Items from a dataset:
○ ○ ○ ○ ○
text \<open>Since \<open>\<phi>\<close> fixes the transvections and preserves commutators, \<open>\<phi>[x, t] = [\<phi>(x), t]\<close> for every
  transvection \<open>t\<close>. Commutators with transvections are row matrices \<open>e + \<Sum> v\<^sub>b e\<^sub>1\<^sub>b\<close> or column matrices
  \<open>e + \<Sum> v\<^sub>a e\<^sub>a\<^sub>q\<close> exposing single rows and columns of \<open>x\<close>; whenever such a commutator is itself fixed
  by \<open>\<phi>\<close>, the matrices \<open>x\<close> and \<open>\<phi>(x)\<close> agree in the exposed entries.

  First \<open>\<phi>\<close> fixes the row matrices with \<open>v\<^sub>2 = 0\<close> (for \<open>n = N\<close> finite such a matrix is a commutator
  \<open>[G, r]\<close> of a row matrix \<open>r\<close> with a matrix \<open>G\<close> whose rows \<open>2, \<dots>, N\<close> are preserved by \<open>\<phi>\<close>). Row
  \<open>m \<ge> 2\<close> of \<open>a\<^sup>-\<^sup>1\<close> is read off the row matrix \<open>[a, t\<^sub>1\<^sub>m(1)]\<close>, so \<open>a\<close> and \<open>\<phi>(a)\<close> agree below the first
  row. Then \<open>\<phi>\<close> fixes column matrices in the last column, and \<open>[a, t\<^sub>b\<^sub>N(1)]\<close> shows that \<open>a\<close> and
  \<open>\<phi>(a)\<close> agree in each column \<open>b < N\<close>. Only the entry \<open>(1, N)\<close> remains, so \<open>\<phi>(a) = a t\<^sub>1\<^sub>N(\<gamma>)\<close>
  with \<open>t\<^sub>1\<^sub>N(\<gamma>)\<close> central. For \<open>n = \<infinity>\<close> there is no last column, and row \<open>1\<close> is reached through the
  commutators \<open>[a, t\<^sub>m\<^sub>,\<^sub>m\<^sub>+\<^sub>1(1)]\<close> instead.\<close>

section \<open>The group of unitriangular matrices\<close>

lemma zero_notin_idx [simp]: "0 \<notin> idx n"
  by (simp add: idx_def)

lemma one_in_idx_iff: "1 \<in> idx n \<longleftrightarrow> 1 \<le> n"
  by (simp add: idx_def one_enat_def)

lemma idx_enat: "i \<in> idx (enat N) \<longleftrightarrow> 1 \<le> i \<and> i \<le> N"
  by (simp add: idx_def)

lemma idx_infinity: "i \<in> idx \<infinity> \<longleftrightarrow> 1 \<le> i"
  by (simp add: idx_def)

lemma idx_downward_closed: "j \<in> idx n \<Longrightarrow> 1 \<le> i \<Longrightarrow> i \<le> j \<Longrightarrow> i \<in> idx n"
  unfolding idx_def using order_trans[of "enat i" "enat j" n] by auto

lemma sum_eq_single:
  assumes "finite A" "m \<in> A" "\<And>k. k \<in> A \<Longrightarrow> k \<noteq> m \<Longrightarrow> f k = 0"
  shows "sum f A = f m"
proof -
  have "sum f A = f m + sum f (A - {m})" using assms by (simp add: sum.remove)
  also have "sum f (A - {m}) = 0" using assms by (intro sum.neutral) auto
  finally show ?thesis by simp
qed

definition upper_triangular :: "('a::field) mat \<Rightarrow> bool" where
  "upper_triangular A \<longleftrightarrow> (\<forall>i j. A i j \<noteq> 0 \<longrightarrow> i \<le> j)"

lemma UT_nonzeroD:
  assumes "A \<in> UT n" "A i j \<noteq> 0"
  shows "i \<in> idx n" "j \<in> idx n" "i \<le> j"
  using assms unfolding UT_def by auto

lemma UT_I:
  assumes "\<And>i j. A i j \<noteq> 0 \<Longrightarrow> i \<in> idx n \<and> j \<in> idx n \<and> i \<le> j"
    and "\<And>i. i \<in> idx n \<Longrightarrow> A i i = 1"
  shows "A \<in> UT n"
  using assms unfolding UT_def by auto

lemma UT_diag: "A \<in> UT n \<Longrightarrow> i \<in> idx n \<Longrightarrow> A i i = 1"
  unfolding UT_def by auto

lemma UT_upper_triangular: "A \<in> UT n \<Longrightarrow> upper_triangular A"
  unfolding UT_def upper_triangular_def by auto

lemma UT_below_diag: "A \<in> UT n \<Longrightarrow> j < i \<Longrightarrow> A i j = 0"
  using UT_nonzeroD(3) by fastforce
(* Let $P=(p_1,\dots,p_l)$ be a distribution on $\{x_1,\dots,x_l\}$ with $p_j\in(0,1)$ for all $j$, and let $\hat P=(\hat p_j)_{j=1}^l$ be the empirical distribution constructed from $T\ge 1$ i.i.d. draws from $P$. Define $\rho_1(p)\coloneqq\sqrt{(1-p)/p}$, $\rho_2(p)\coloneqq\rho_1(p)+\rho_1(1-p)$, $c^{(s)}\coloneqq\sum_{j=1}^l\rho_1(p_j)$, and $\tilde c^{(s)}\coloneqq\max\{\rho_2(p_S): S\subset[l],\,1\le |S|<l\}$ where $p_S\coloneqq\sum_{j\in S}p_j$. Then there exist constants $C^{(s)},\tilde C^{(s)}\ge 0$ depending only on $P$ (not on $T$) such that for every $T\ge1$, $$\tilde c^{(s)}\sqrt{\frac{1}{2\pi T}}-\frac{\tilde C^{(s)}}{T}\;\le\;\mathbb E\big[D_s(\hat P,P)\big]\;\le\; c^{(s)}\sqrt{\frac{1}{2\pi T}}+\frac{C^{(s)}}{T}.$$
   Context: The separation distance between distributions $P$ and $Q$ on $\{x_1,\dots,x_l\}$ with all $q_j>0$ is $D_s(P,Q)\coloneqq\max_{j\in[l]}(1-p_j/q_j)$; thus $D_s(\hat P,P)=\max_j(1-\hat p_j/p_j)$. The empirical distribution has $\hat p_j=T_j/T$ where $T_j$ is the number of draws equal to $x_j$. *)

theory Defs
  imports Complex_Main
begin

(* Outcomes are indexed 0..l-1; p j is the probability of outcome x_j. *)

definition rho1 :: "real \<Rightarrow> real" where
  "rho1 q = sqrt ((1 - q) / q)"

definition rho2 :: "real \<Rightarrow> real" where
  "rho2 q = rho1 q + rho1 (1 - q)"

definition sep_dist :: "nat \<Rightarrow> (nat \<Rightarrow> real) \<Rightarrow> (nat \<Rightarrow> real) \<Rightarrow> real" where
  "sep_dist l P Q = Max ((\<lambda>j. 1 - P j / Q j) ` {0..<l})"

definition empirical :: "nat list \<Rightarrow> nat \<Rightarrow> real" where
  "empirical xs j = real (length (filter (\<lambda>x. x = j) xs)) / real (length xs)"

definition samples :: "nat \<Rightarrow> nat \<Rightarrow> nat list set" where
  "samples l T = {xs. length xs = T \<and> set xs \<subseteq> {0..<l}}"

definition iid_expect :: "nat \<Rightarrow> (nat \<Rightarrow> real) \<Rightarrow> nat \<Rightarrow> (nat list \<Rightarrow> real) \<Rightarrow> real" where
  "iid_expect l p T f = (\<Sum>xs\<in>samples l T. (\<Prod>x\<leftarrow>xs. p x) * f xs)"

definition c_s :: "nat \<Rightarrow> (nat \<Rightarrow> real) \<Rightarrow> real" where
  "c_s l p = (\<Sum>j<l. rho1 (p j))"

definition c_s_tilde :: "nat \<Rightarrow> (nat \<Rightarrow> real) \<Rightarrow> real" where
  "c_s_tilde l p = Max {rho2 (\<Sum>j\<in>S. p j) | S. S \<subseteq> {0..<l} \<and> 1 \<le> card S \<and> card S < l}"

end

theory Submission
  imports Defs "HOL-Analysis.Analysis" "HOL-Real_Asymp.Real_Asymp"
begin

text \<open>Pointwise, \<open>D\<^sub>s(\<hat>P, P) \<le> \<Sum>\<^sub>j (p\<^sub>j - \<hat>p\<^sub>j)\<^sup>+ / p\<^sub>j\<close>,
  and for every nonempty proper \<open>S \<subseteq> [l]\<close> with \<open>r = p\<^sub>S\<close>,
  \<open>D\<^sub>s(\<hat>P, P) \<ge> (r - \<hat>p\<^sub>S)\<^sup>+ / r + (\<hat>p\<^sub>S - r)\<^sup>+ / (1 - r)\<close>.
  The number of draws in \<open>S\<close> is \<open>Bin(T, r)\<close>, and both expected positive parts equal the
  binomial shortfall \<open>E (r - K/T)\<^sup>+\<close>. De Moivre's formula writes the shortfall as
  \<open>m (1 - r) P(K = m) / T\<close> with \<open>m = \<lceil>T r\<rceil>\<close>, and Stirling's formula with error
  \<open>1/j\<close>, derived from Wallis' product, turns this into \<open>\<surd>(r (1 - r) / (2 \<pi> T)) + O(1/T)\<close>.
  Since \<open>\<surd>(p (1 - p)) / p = \<rho>\<^sub>1(p)\<close> and \<open>\<surd>(r (1 - r)) / (r (1 - r)) = \<rho>\<^sub>2(r)\<close>,
  this gives the two bounds.\<close>

section \<open>Stirling's formula with explicit error\<close>

lemma ln_one_plus_ge:
  fixes x :: real
  assumes "0 \<le> x"
  shows "2 * x / (2 + x) \<le> ln (1 + x)"
proof -
  let ?f = "\<lambda>t::real. ln (1 + t) - 2 * t / (2 + t)"
  have "?f 0 \<le> ?f x"
  proof (rule DERIV_nonneg_imp_nondecreasing[OF assms])
    fix t :: real
    assume t: "0 \<le> t" "t \<le> x"
    have "DERIV ?f t :> 1 / (1 + t) - 4 / (2 + t)^2"
      using t by (auto intro!: derivative_eq_intros simp: field_simps power2_eq_square)
    moreover have "4 / (2 + t)^2 \<le> 1 / (1 + t)"
      using t by (simp add: divide_simps power2_eq_square algebra_simps)
    ultimately show "\<exists>y. DERIV ?f t :> y \<and> 0 \<le> y"
      by auto
  qed
  then show ?thesis
    by simp
qed

lemma ln_one_plus_le:
  fixes x :: real
  assumes "0 \<le> x"
  shows "ln (1 + x) \<le> x - x^2 / 2 + x^3 / 3"
proof -
  let ?f = "\<lambda>t::real. t - t^2 / 2 + t^3 / 3 - ln (1 + t)"
  have "?f 0 \<le> ?f x"
  proof (rule DERIV_nonneg_imp_nondecreasing[OF assms])
    fix t :: real
    assume t: "0 \<le> t" "t \<le> x"
    have "DERIV ?f t :> 1 - t + t^2 - 1 / (1 + t)"
      using t by (auto intro!: derivative_eq_intros simp: field_simps power2_eq_square)
    moreover have "1 / (1 + t) \<le> 1 - t + t^2"
      using t by (simp add: divide_simps power2_eq_square algebra_simps)
    ultimately show "\<exists>y. DERIV ?f t :> y \<and> 0 \<le> y"
      by auto
  qed
  then show ?thesis
    by simp
qed

text \<open>The logarithm of \<open>j! / ((j/e)^j \<surd>j)\<close>, which Stirling's formula says tends to \<open>ln \<surd>(2\<pi>)\<close>.\<close>

definition stirling_rem :: "nat \<Rightarrow> real" where
  "stirling_rem j = ln (fact j) + real j - (real j + 1/2) * ln (real j)"

lemma ln_fact_eq_stirling_rem:
  "ln (fact j :: real) = stirling_rem j - real j + (real j + 1/2) * ln (real j)"
  unfolding stirling_rem_def by simp

lemma stirling_rem_diff:
  assumes "j \<ge> 1"
  shows "stirling_rem j - stirling_rem (Suc j) = (real j + 1/2) * ln (1 + 1 / real j) - 1"
proof -
  have j: "real j > 0"
    using assms by simp
  have "1 + 1 / real j = real (Suc j) / real j"
    using j by (simp add: field_simps)
  then have ln_eq: "ln (1 + 1 / real j) = ln (real (Suc j)) - ln (real j)"
    using j by (simp add: ln_div)
  have ln_fact_eq: "ln (fact (Suc j) :: real) = ln (real (Suc j)) + ln (fact j)"
    by (subst fact_Suc) (rule ln_mult_pos, auto)
  show ?thesis
    unfolding stirling_rem_def ln_eq ln_fact_eq by (simp add: algebra_simps)
qed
○ ○ ○ ○ ○
● **Brief**
Please go through each line of the data and count those that contain the string "last"; give that number alone.

● **Reply**
2